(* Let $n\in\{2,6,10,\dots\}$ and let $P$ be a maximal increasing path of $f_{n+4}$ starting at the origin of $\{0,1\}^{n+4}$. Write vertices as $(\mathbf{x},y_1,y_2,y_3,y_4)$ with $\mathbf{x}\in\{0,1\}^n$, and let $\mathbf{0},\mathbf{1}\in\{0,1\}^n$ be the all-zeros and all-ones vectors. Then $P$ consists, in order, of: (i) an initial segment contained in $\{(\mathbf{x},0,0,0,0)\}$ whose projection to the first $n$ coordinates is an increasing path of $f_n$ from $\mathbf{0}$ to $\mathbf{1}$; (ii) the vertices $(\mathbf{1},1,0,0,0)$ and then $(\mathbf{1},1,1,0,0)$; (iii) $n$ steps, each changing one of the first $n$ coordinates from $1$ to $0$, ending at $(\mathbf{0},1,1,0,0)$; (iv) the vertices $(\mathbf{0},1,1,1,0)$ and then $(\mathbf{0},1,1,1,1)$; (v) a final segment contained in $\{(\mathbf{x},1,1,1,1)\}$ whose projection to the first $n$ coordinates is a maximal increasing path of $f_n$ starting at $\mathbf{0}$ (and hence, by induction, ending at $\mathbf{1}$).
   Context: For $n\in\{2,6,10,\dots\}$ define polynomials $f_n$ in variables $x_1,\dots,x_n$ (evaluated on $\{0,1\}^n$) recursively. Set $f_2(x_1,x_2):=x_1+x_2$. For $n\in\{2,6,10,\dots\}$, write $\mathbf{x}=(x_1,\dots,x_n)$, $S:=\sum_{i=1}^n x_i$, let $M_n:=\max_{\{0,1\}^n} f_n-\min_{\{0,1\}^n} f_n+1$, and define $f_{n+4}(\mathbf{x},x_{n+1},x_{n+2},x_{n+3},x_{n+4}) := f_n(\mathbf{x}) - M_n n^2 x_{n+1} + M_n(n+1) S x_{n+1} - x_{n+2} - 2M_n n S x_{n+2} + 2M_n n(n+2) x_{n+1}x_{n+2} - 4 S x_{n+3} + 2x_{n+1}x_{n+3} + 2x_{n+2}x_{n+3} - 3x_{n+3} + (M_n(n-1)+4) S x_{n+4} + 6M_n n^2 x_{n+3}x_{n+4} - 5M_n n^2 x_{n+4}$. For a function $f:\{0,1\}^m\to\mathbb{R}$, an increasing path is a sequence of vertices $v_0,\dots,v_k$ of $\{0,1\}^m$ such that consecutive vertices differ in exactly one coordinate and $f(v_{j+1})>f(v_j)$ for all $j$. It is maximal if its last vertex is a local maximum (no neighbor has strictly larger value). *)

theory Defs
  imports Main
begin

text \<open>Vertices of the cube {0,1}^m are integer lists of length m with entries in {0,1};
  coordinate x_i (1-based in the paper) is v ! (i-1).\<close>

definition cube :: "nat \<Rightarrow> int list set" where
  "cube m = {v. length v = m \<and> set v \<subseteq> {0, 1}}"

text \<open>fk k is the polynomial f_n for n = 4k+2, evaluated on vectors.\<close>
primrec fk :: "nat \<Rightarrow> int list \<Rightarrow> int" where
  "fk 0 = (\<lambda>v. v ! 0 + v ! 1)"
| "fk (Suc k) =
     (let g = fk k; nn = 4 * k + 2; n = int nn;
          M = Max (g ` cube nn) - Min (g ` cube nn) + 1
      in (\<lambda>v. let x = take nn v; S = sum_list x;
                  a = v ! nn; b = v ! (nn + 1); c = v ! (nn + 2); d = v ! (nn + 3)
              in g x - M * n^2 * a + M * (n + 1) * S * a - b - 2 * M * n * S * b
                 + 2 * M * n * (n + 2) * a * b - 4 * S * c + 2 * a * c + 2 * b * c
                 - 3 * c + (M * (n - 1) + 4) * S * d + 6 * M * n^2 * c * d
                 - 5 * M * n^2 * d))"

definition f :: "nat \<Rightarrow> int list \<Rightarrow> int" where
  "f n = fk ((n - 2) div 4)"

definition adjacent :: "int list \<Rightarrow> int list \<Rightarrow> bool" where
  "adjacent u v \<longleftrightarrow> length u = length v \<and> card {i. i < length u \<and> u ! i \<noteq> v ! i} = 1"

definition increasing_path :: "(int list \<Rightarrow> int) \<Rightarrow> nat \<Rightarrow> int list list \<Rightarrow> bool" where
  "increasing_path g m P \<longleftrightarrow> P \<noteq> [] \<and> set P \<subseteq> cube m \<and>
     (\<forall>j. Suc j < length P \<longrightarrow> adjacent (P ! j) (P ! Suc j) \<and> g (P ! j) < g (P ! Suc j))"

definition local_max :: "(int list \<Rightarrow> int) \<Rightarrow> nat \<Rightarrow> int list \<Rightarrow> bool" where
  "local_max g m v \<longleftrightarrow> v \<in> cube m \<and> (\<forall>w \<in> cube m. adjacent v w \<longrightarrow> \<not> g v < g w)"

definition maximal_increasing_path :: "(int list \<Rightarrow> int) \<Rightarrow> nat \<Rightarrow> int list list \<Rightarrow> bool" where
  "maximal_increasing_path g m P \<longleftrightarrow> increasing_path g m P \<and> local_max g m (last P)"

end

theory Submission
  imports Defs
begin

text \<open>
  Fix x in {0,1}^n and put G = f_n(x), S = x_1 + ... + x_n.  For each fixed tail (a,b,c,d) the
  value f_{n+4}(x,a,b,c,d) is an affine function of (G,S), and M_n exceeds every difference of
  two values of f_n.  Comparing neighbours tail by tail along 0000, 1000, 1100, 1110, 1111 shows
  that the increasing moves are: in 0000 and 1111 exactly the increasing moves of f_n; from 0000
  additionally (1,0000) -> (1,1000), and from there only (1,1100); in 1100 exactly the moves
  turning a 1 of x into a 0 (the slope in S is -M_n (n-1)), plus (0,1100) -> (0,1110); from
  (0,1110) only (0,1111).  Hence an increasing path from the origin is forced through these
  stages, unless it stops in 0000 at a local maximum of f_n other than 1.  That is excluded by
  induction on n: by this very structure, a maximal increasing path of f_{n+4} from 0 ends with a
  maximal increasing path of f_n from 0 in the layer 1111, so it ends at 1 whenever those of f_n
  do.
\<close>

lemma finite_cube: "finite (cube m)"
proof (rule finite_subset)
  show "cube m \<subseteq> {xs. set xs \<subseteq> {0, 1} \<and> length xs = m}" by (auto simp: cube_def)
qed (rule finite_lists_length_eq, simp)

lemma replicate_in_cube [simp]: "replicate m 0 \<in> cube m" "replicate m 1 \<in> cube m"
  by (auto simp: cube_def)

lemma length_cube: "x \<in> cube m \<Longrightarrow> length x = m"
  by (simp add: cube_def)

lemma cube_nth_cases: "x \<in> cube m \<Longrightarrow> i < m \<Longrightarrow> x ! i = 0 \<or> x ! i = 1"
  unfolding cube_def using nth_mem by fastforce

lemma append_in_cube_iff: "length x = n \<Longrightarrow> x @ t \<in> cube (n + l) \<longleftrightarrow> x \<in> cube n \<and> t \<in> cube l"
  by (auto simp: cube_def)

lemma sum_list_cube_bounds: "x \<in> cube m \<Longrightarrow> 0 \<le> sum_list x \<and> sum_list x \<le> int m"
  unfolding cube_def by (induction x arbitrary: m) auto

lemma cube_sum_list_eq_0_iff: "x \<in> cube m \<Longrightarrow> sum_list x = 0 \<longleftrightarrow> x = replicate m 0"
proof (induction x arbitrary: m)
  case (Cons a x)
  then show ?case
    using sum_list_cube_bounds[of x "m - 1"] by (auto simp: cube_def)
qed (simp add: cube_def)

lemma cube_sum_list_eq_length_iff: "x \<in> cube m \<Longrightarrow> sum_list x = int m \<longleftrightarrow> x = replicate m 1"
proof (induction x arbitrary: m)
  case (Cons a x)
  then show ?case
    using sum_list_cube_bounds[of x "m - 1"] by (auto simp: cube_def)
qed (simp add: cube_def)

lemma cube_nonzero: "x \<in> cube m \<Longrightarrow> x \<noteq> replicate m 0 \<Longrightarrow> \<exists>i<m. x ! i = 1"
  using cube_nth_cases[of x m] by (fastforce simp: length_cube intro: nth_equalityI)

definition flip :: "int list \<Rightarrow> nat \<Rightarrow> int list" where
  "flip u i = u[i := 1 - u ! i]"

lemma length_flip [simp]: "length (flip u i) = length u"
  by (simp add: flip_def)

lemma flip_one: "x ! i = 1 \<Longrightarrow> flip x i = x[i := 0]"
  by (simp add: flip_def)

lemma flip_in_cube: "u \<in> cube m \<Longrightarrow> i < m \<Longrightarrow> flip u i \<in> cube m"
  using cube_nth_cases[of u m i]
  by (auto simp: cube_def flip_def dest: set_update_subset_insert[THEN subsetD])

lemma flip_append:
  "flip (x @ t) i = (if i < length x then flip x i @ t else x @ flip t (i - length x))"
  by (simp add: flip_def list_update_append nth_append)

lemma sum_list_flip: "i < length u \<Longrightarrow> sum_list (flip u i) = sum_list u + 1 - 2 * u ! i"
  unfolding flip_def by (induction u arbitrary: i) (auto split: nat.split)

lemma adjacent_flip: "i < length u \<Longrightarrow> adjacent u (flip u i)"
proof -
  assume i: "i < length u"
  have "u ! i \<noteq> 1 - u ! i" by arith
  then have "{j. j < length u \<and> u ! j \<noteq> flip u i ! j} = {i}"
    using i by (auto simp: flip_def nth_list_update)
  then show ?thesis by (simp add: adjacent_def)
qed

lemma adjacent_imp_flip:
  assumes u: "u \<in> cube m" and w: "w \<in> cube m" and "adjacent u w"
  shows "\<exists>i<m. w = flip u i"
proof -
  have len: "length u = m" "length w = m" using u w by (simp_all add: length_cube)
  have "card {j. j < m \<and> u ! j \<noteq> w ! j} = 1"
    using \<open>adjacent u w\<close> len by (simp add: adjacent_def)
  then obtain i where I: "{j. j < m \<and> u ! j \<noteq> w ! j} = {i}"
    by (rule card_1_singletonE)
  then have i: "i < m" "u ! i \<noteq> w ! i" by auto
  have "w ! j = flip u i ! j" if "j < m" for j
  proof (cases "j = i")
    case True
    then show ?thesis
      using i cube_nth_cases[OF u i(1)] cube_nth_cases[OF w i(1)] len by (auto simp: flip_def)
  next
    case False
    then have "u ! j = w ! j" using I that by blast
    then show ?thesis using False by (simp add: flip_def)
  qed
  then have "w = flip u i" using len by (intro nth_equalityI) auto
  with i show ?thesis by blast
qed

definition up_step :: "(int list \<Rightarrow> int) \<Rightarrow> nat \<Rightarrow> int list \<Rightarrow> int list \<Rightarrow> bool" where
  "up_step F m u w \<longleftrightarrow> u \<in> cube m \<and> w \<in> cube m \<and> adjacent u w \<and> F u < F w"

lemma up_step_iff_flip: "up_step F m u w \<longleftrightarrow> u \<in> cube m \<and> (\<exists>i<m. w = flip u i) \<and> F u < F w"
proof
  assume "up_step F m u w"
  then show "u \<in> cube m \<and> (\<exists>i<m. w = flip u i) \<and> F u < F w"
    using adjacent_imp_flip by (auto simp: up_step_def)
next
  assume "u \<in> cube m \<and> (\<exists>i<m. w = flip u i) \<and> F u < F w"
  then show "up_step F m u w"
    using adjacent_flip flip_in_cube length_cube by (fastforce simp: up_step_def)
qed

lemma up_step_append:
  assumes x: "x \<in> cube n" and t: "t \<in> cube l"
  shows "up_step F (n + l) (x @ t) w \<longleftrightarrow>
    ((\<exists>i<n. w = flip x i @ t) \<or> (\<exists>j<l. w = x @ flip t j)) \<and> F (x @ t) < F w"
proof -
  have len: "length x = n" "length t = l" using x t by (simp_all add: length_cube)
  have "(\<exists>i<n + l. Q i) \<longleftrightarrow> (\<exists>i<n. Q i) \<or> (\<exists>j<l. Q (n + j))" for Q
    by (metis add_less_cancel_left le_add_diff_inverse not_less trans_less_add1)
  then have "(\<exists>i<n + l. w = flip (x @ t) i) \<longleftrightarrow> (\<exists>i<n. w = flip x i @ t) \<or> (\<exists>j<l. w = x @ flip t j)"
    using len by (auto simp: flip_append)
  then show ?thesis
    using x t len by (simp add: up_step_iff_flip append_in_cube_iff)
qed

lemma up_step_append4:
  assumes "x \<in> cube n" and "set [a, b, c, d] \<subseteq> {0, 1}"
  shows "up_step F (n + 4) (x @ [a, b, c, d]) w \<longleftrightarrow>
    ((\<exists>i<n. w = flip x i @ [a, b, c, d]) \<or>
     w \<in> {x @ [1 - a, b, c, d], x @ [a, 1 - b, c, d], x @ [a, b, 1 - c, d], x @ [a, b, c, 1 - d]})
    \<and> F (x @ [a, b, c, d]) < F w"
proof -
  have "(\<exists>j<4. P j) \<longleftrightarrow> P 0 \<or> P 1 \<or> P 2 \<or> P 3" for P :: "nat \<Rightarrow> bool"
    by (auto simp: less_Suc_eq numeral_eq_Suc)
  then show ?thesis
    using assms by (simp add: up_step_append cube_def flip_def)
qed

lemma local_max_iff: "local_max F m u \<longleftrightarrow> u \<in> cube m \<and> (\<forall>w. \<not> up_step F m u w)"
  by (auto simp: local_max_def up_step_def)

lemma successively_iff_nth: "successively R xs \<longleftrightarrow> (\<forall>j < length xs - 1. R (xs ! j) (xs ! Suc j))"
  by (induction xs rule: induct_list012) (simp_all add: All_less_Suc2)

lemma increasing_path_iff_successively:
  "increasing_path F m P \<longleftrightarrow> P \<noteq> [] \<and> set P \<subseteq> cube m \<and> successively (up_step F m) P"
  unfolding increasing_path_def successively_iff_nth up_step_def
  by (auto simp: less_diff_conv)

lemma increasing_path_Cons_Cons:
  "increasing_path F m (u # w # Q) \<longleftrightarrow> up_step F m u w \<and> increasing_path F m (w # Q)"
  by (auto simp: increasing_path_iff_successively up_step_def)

EXERCISE GOAL
The answer must be every line from the records above that contains "tail".

COMPLETED EXERCISE
  Fix x in {0,1}^n and put G = f_n(x), S = x_1 + ... + x_n.  For each fixed tail (a,b,c,d) the
  two values of f_n.  Comparing neighbours tail by tail along 0000, 1000, 1100, 1110, 1111 shows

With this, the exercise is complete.